* [Aim of the exercise]:
For the entries below, repeat exactly each line starting with the one that contains "0 \<le> Rn \<theta>" and going on through the one that contains "m n \<in> borel_measurable", and no others.

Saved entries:

· · · · · · ·

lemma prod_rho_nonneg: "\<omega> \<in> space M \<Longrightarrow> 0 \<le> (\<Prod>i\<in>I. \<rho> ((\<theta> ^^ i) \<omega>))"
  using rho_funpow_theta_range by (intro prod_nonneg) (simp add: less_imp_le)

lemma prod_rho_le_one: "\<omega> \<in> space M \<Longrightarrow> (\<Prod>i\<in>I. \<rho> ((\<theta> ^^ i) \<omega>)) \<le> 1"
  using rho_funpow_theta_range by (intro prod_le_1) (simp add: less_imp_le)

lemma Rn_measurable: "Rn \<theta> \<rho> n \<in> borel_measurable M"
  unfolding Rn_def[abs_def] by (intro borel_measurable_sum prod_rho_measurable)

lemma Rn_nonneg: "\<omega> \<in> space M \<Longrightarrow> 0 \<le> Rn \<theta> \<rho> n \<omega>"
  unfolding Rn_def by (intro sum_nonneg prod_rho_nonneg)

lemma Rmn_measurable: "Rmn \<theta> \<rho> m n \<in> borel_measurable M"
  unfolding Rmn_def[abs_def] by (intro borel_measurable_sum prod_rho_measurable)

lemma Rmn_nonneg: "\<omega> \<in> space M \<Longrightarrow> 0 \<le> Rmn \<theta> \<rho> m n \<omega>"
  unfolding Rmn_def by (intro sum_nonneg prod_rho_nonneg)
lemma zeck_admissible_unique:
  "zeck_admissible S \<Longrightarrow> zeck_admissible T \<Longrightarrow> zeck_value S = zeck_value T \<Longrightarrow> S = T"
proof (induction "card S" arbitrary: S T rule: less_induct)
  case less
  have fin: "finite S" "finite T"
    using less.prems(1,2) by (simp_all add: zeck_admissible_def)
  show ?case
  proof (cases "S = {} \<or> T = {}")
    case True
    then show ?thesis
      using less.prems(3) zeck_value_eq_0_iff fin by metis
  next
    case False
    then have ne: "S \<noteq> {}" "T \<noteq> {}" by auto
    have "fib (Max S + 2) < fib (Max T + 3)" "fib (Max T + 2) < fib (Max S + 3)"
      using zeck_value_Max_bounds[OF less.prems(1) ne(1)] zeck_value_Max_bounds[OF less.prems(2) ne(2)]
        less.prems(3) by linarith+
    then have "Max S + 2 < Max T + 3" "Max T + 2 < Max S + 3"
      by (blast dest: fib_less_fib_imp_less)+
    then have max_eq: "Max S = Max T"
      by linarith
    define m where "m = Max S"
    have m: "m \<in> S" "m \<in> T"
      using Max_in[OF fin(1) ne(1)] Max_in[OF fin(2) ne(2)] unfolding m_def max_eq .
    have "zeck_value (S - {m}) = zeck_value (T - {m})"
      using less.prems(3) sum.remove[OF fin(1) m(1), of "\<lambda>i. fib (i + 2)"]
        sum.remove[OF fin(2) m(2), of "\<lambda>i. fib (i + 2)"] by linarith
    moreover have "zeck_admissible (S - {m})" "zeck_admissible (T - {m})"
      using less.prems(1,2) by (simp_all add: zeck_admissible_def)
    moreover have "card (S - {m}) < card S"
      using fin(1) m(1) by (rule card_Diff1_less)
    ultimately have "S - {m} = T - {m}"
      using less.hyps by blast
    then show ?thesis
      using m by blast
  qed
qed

· · · · · · ·

* [Exercise output]:
lemma Rn_nonneg: "\<omega> \<in> space M \<Longrightarrow> 0 \<le> Rn \<theta> \<rho> n \<omega>"
  unfolding Rn_def by (intro sum_nonneg prod_rho_nonneg)

lemma Rmn_measurable: "Rmn \<theta> \<rho> m n \<in> borel_measurable M"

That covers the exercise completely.